### What you should do
Give back all of the data exactly.

Collected data entries
•••

text \<open>Right multiplications are linear, and the right-commutativity identity
  \<open>(x y) z = \<plusminus>(x z) y\<close> lets one permute the factors of a left-normed product of homogeneous
  elements freely, up to sign. The key fact is that \<open>(x b) y \<in> [A\<^sub>0, A\<^sub>0]\<^sub>L + [A\<^sub>0, kX\<^sub>1, A\<^sub>1]\<^sub>L\<close>
  for \<open>x \<in> A\<^sub>0\<close> and \<open>b, y \<in> A\<^sub>1\<close>: the odd elements \<open>b\<close> with this property form a subspace
  containing \<open>X\<^sub>1\<close> and closed under products with \<open>A\<^sub>0\<close> on both sides, so together with \<open>A\<^sub>0\<close>
  they span a subalgebra containing the generators, which is everything. Appending one more odd
  factor to a bracket \<open>[A\<^sub>0, A\<^sub>0\<^sup>t, kX\<^sub>1\<^sup>m, A\<^sub>1\<^sup>p]\<^sub>L\<close> either raises \<open>p\<close> from 1 to 2, or produces
  three trailing odd factors; moving two of them next to the head and applying the key fact
  trades them for one even factor or for a factor from \<open>kX\<^sub>1\<close>, which gives induction on \<open>q\<close>.\<close>

lemma list_all2_replicate_right:
  "list_all2 P xs (replicate n a) \<longleftrightarrow> length xs = n \<and> (\<forall>x\<in>set xs. P x a)"
  by (auto simp: list_all2_conv_all_nth dest: in_set_conv_nth[THEN iffD1])

lemma list_all2_mem_Cons_replicate_appendE:
  assumes "list_all2 (\<lambda>x V. x \<in> V) xs (V # replicate t U @ replicate m W @ replicate p Z)"
  obtains y cs gs bs where "xs = y # cs @ gs @ bs" "y \<in> V"
    "length cs = t" "set cs \<subseteq> U" "length gs = m" "set gs \<subseteq> W" "length bs = p" "set bs \<subseteq> Z"
  using assms
  by (auto simp: list_all2_Cons2 list_all2_append2 list_all2_replicate_right subset_code(1))

lemma lnorm_Cons [simp]: "lnorm f (x # xs) = foldl f x xs"
  by (simp add: lnorm_def)

locale gdn =
  fixes scale :: "'k::field \<Rightarrow> 'a::ab_group_add \<Rightarrow> 'a"
    and mult :: "'a \<Rightarrow> 'a \<Rightarrow> 'a"
    and A0 A1 :: "'a set"
  assumes gdn: "gdn_superalgebra scale mult A0 A1"
begin

sublocale vector_space scale
  using gdn by (simp add: gdn_superalgebra_def superalgebra_def)

sublocale vector_space_pair scale scale ..

lemma subspace_A0: "subspace A0" and subspace_A1: "subspace A1" and A0_Int_A1: "A0 \<inter> A1 = {0}"
  using gdn by (simp_all add: gdn_superalgebra_def superalgebra_def)

lemma mult_add_left: "mult (x + y) z = mult x z + mult y z"
  and mult_add_right: "mult x (y + z) = mult x y + mult x z"
  and mult_scale_left: "mult (scale c x) y = scale c (mult x y)"
  and mult_scale_right: "mult x (scale c y) = scale c (mult x y)"
  using gdn by (simp_all add: gdn_superalgebra_def superalgebra_def)

lemma linear_mult_right: "Vector_Spaces.linear scale scale (\<lambda>u. mult u c)"
  and linear_mult_left: "Vector_Spaces.linear scale scale (mult c)"
  by (simp_all add: linear_iff vector_space_axioms mult_add_left mult_add_right
      mult_scale_left mult_scale_right)

lemma mult_zero_left [simp]: "mult 0 y = 0"
  and mult_zero_right [simp]: "mult x 0 = 0"
  and mult_minus_left [simp]: "mult (- x) y = - mult x y"
  using linear_0[OF linear_mult_right[of y]] linear_0[OF linear_mult_left[of x]]
    linear_neg[OF linear_mult_right[of y]] by simp_all

lemma linear_foldl_mult: "Vector_Spaces.linear scale scale (\<lambda>u. foldl mult u zs)"
proof (induction zs)
  case Nil
  show ?case by (simp add: linear_id[unfolded id_def])
next
  case (Cons z zs)
  show ?case
    using Vector_Spaces.linear_compose[OF linear_mult_right[of z] Cons.IH] by (simp add: o_def)
qed

lemma linear_mem_of_span:
  assumes "Vector_Spaces.linear scale scale f" "subspace W" "\<And>s. s \<in> S \<Longrightarrow> f s \<in> W" "v \<in> span S"
  shows "f v \<in> W"
proof -
  have "span S \<subseteq> f -` W"
    using assms(3) by (intro span_minimal linear_subspace_vimage[OF assms(1,2)]) auto
  then show ?thesis using assms(4) by auto
qed

lemma linear_mem_of_lbracket:
  assumes "Vector_Spaces.linear scale scale f" "subspace W"
    and "\<And>xs. list_all2 (\<lambda>x V. x \<in> V) xs Vs \<Longrightarrow> f (lnorm mult xs) \<in> W"
    and "v \<in> lbracket scale mult Vs"
  shows "f v \<in> W"
proof (rule linear_mem_of_span[OF assms(1,2) _ assms(4)[unfolded lbracket_def]])
  fix s assume "s \<in> {lnorm mult xs |xs. length xs = length Vs \<and> (\<forall>i<length Vs. xs ! i \<in> Vs ! i)}"
  then show "f s \<in> W" using assms(3) by (auto simp: list_all2_conv_all_nth)
qed

lemma lnorm_mem_lbracket:
  assumes "list_all2 (\<lambda>x V. x \<in> V) xs Vs"
  shows "lnorm mult xs \<in> lbracket scale mult Vs"
proof -
  have "length xs = length Vs \<and> (\<forall>i<length Vs. xs ! i \<in> Vs ! i)"
    using assms by (simp add: list_all2_conv_all_nth)
  then show ?thesis unfolding lbracket_def by (intro span_base) blast
qed

lemma mult_homogeneous:
  "i \<in> {0,1} \<Longrightarrow> j \<in> {0,1} \<Longrightarrow> x \<in> grc A0 A1 i \<Longrightarrow> y \<in> grc A0 A1 j
   \<Longrightarrow> mult x y \<in> grc A0 A1 (i + j)"
  using gdn unfolding gdn_superalgebra_def superalgebra_def by blast

lemma mult_even_even: "x \<in> A0 \<Longrightarrow> y \<in> A0 \<Longrightarrow> mult x y \<in> A0"
  and mult_even_odd: "x \<in> A0 \<Longrightarrow> y \<in> A1 \<Longrightarrow> mult x y \<in> A1"
  and mult_odd_even: "x \<in> A1 \<Longrightarrow> y \<in> A0 \<Longrightarrow> mult x y \<in> A1"
  and mult_odd_odd: "x \<in> A1 \<Longrightarrow> y \<in> A1 \<Longrightarrow> mult x y \<in> A0"
  using mult_homogeneous[of 0 0 x y] mult_homogeneous[of 0 1 x y]
    mult_homogeneous[of 1 0 x y] mult_homogeneous[of 1 1 x y]
  by (simp_all add: grc_def)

•••

### Response area
text \<open>Right multiplications are linear, and the right-commutativity identity
  \<open>(x y) z = \<plusminus>(x z) y\<close> lets one permute the factors of a left-normed product of homogeneous
  elements freely, up to sign. The key fact is that \<open>(x b) y \<in> [A\<^sub>0, A\<^sub>0]\<^sub>L + [A\<^sub>0, kX\<^sub>1, A\<^sub>1]\<^sub>L\<close>
  for \<open>x \<in> A\<^sub>0\<close> and \<open>b, y \<in> A\<^sub>1\<close>: the odd elements \<open>b\<close> with this property form a subspace
  containing \<open>X\<^sub>1\<close> and closed under products with \<open>A\<^sub>0\<close> on both sides, so together with \<open>A\<^sub>0\<close>
  they span a subalgebra containing the generators, which is everything. Appending one more odd
  factor to a bracket \<open>[A\<^sub>0, A\<^sub>0\<^sup>t, kX\<^sub>1\<^sup>m, A\<^sub>1\<^sup>p]\<^sub>L\<close> either raises \<open>p\<close> from 1 to 2, or produces
  three trailing odd factors; moving two of them next to the head and applying the key fact
  trades them for one even factor or for a factor from \<open>kX\<^sub>1\<close>, which gives induction on \<open>q\<close>.\<close>

lemma list_all2_replicate_right:
  "list_all2 P xs (replicate n a) \<longleftrightarrow> length xs = n \<and> (\<forall>x\<in>set xs. P x a)"
  by (auto simp: list_all2_conv_all_nth dest: in_set_conv_nth[THEN iffD1])

lemma list_all2_mem_Cons_replicate_appendE:
  assumes "list_all2 (\<lambda>x V. x \<in> V) xs (V # replicate t U @ replicate m W @ replicate p Z)"
  obtains y cs gs bs where "xs = y # cs @ gs @ bs" "y \<in> V"
    "length cs = t" "set cs \<subseteq> U" "length gs = m" "set gs \<subseteq> W" "length bs = p" "set bs \<subseteq> Z"
  using assms
  by (auto simp: list_all2_Cons2 list_all2_append2 list_all2_replicate_right subset_code(1))

lemma lnorm_Cons [simp]: "lnorm f (x # xs) = foldl f x xs"
  by (simp add: lnorm_def)

locale gdn =
  fixes scale :: "'k::field \<Rightarrow> 'a::ab_group_add \<Rightarrow> 'a"
    and mult :: "'a \<Rightarrow> 'a \<Rightarrow> 'a"
    and A0 A1 :: "'a set"
  assumes gdn: "gdn_superalgebra scale mult A0 A1"
begin

sublocale vector_space scale
  using gdn by (simp add: gdn_superalgebra_def superalgebra_def)

sublocale vector_space_pair scale scale ..

lemma subspace_A0: "subspace A0" and subspace_A1: "subspace A1" and A0_Int_A1: "A0 \<inter> A1 = {0}"
  using gdn by (simp_all add: gdn_superalgebra_def superalgebra_def)

lemma mult_add_left: "mult (x + y) z = mult x z + mult y z"
  and mult_add_right: "mult x (y + z) = mult x y + mult x z"
  and mult_scale_left: "mult (scale c x) y = scale c (mult x y)"
  and mult_scale_right: "mult x (scale c y) = scale c (mult x y)"
  using gdn by (simp_all add: gdn_superalgebra_def superalgebra_def)

lemma linear_mult_right: "Vector_Spaces.linear scale scale (\<lambda>u. mult u c)"
  and linear_mult_left: "Vector_Spaces.linear scale scale (mult c)"
  by (simp_all add: linear_iff vector_space_axioms mult_add_left mult_add_right
      mult_scale_left mult_scale_right)

lemma mult_zero_left [simp]: "mult 0 y = 0"
  and mult_zero_right [simp]: "mult x 0 = 0"
  and mult_minus_left [simp]: "mult (- x) y = - mult x y"
  using linear_0[OF linear_mult_right[of y]] linear_0[OF linear_mult_left[of x]]
    linear_neg[OF linear_mult_right[of y]] by simp_all

lemma linear_foldl_mult: "Vector_Spaces.linear scale scale (\<lambda>u. foldl mult u zs)"
proof (induction zs)
  case Nil
  show ?case by (simp add: linear_id[unfolded id_def])
next
  case (Cons z zs)
  show ?case
    using Vector_Spaces.linear_compose[OF linear_mult_right[of z] Cons.IH] by (simp add: o_def)
qed

lemma linear_mem_of_span:
  assumes "Vector_Spaces.linear scale scale f" "subspace W" "\<And>s. s \<in> S \<Longrightarrow> f s \<in> W" "v \<in> span S"
  shows "f v \<in> W"
proof -
  have "span S \<subseteq> f -` W"
    using assms(3) by (intro span_minimal linear_subspace_vimage[OF assms(1,2)]) auto
  then show ?thesis using assms(4) by auto
qed

lemma linear_mem_of_lbracket:
  assumes "Vector_Spaces.linear scale scale f" "subspace W"
    and "\<And>xs. list_all2 (\<lambda>x V. x \<in> V) xs Vs \<Longrightarrow> f (lnorm mult xs) \<in> W"
    and "v \<in> lbracket scale mult Vs"
  shows "f v \<in> W"
proof (rule linear_mem_of_span[OF assms(1,2) _ assms(4)[unfolded lbracket_def]])
  fix s assume "s \<in> {lnorm mult xs |xs. length xs = length Vs \<and> (\<forall>i<length Vs. xs ! i \<in> Vs ! i)}"
  then show "f s \<in> W" using assms(3) by (auto simp: list_all2_conv_all_nth)
qed

lemma lnorm_mem_lbracket:
  assumes "list_all2 (\<lambda>x V. x \<in> V) xs Vs"
  shows "lnorm mult xs \<in> lbracket scale mult Vs"
proof -
  have "length xs = length Vs \<and> (\<forall>i<length Vs. xs ! i \<in> Vs ! i)"
    using assms by (simp add: list_all2_conv_all_nth)
  then show ?thesis unfolding lbracket_def by (intro span_base) blast
qed

lemma mult_homogeneous:
  "i \<in> {0,1} \<Longrightarrow> j \<in> {0,1} \<Longrightarrow> x \<in> grc A0 A1 i \<Longrightarrow> y \<in> grc A0 A1 j
   \<Longrightarrow> mult x y \<in> grc A0 A1 (i + j)"
  using gdn unfolding gdn_superalgebra_def superalgebra_def by blast

lemma mult_even_even: "x \<in> A0 \<Longrightarrow> y \<in> A0 \<Longrightarrow> mult x y \<in> A0"
  and mult_even_odd: "x \<in> A0 \<Longrightarrow> y \<in> A1 \<Longrightarrow> mult x y \<in> A1"
  and mult_odd_even: "x \<in> A1 \<Longrightarrow> y \<in> A0 \<Longrightarrow> mult x y \<in> A1"
  and mult_odd_odd: "x \<in> A1 \<Longrightarrow> y \<in> A1 \<Longrightarrow> mult x y \<in> A0"
  using mult_homogeneous[of 0 0 x y] mult_homogeneous[of 0 1 x y]
    mult_homogeneous[of 1 0 x y] mult_homogeneous[of 1 1 x y]
  by (simp_all add: grc_def)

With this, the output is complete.